__ABOUT THIS EXERCISE__. Lines before the one containing "theory Defs" are excluded; reproduce that line and all lines after it in the entries below, exactly.

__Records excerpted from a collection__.
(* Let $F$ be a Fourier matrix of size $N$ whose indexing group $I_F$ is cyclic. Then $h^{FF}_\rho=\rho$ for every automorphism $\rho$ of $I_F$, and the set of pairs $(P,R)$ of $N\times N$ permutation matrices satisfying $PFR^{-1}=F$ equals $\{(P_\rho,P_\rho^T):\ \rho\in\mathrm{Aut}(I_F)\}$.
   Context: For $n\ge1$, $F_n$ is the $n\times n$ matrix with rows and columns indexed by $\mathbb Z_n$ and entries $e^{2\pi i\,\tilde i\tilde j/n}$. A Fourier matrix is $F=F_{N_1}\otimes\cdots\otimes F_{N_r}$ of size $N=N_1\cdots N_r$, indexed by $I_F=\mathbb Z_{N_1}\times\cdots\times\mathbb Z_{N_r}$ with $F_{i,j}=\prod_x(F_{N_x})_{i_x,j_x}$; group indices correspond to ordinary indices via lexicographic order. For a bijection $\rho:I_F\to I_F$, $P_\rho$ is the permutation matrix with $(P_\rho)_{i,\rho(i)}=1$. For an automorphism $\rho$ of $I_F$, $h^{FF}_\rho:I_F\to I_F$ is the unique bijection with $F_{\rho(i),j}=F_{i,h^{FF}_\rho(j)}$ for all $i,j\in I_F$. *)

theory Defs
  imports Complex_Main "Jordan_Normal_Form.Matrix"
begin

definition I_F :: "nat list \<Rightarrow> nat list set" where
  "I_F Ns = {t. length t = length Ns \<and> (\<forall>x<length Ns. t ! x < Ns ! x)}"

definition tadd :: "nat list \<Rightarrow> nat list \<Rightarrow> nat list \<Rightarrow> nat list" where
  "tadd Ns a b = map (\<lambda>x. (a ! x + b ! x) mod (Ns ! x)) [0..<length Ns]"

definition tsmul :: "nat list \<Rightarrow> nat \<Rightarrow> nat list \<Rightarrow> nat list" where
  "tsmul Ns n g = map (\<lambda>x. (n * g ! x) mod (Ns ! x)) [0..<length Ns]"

__OUTPUT FOR THIS EXERCISE__.
theory Defs
  imports Complex_Main "Jordan_Normal_Form.Matrix"
begin

definition I_F :: "nat list \<Rightarrow> nat list set" where
  "I_F Ns = {t. length t = length Ns \<and> (\<forall>x<length Ns. t ! x < Ns ! x)}"

definition tadd :: "nat list \<Rightarrow> nat list \<Rightarrow> nat list \<Rightarrow> nat list" where
  "tadd Ns a b = map (\<lambda>x. (a ! x + b ! x) mod (Ns ! x)) [0..<length Ns]"

definition tsmul :: "nat list \<Rightarrow> nat \<Rightarrow> nat list \<Rightarrow> nat list" where
  "tsmul Ns n g = map (\<lambda>x. (n * g ! x) mod (Ns ! x)) [0..<length Ns]"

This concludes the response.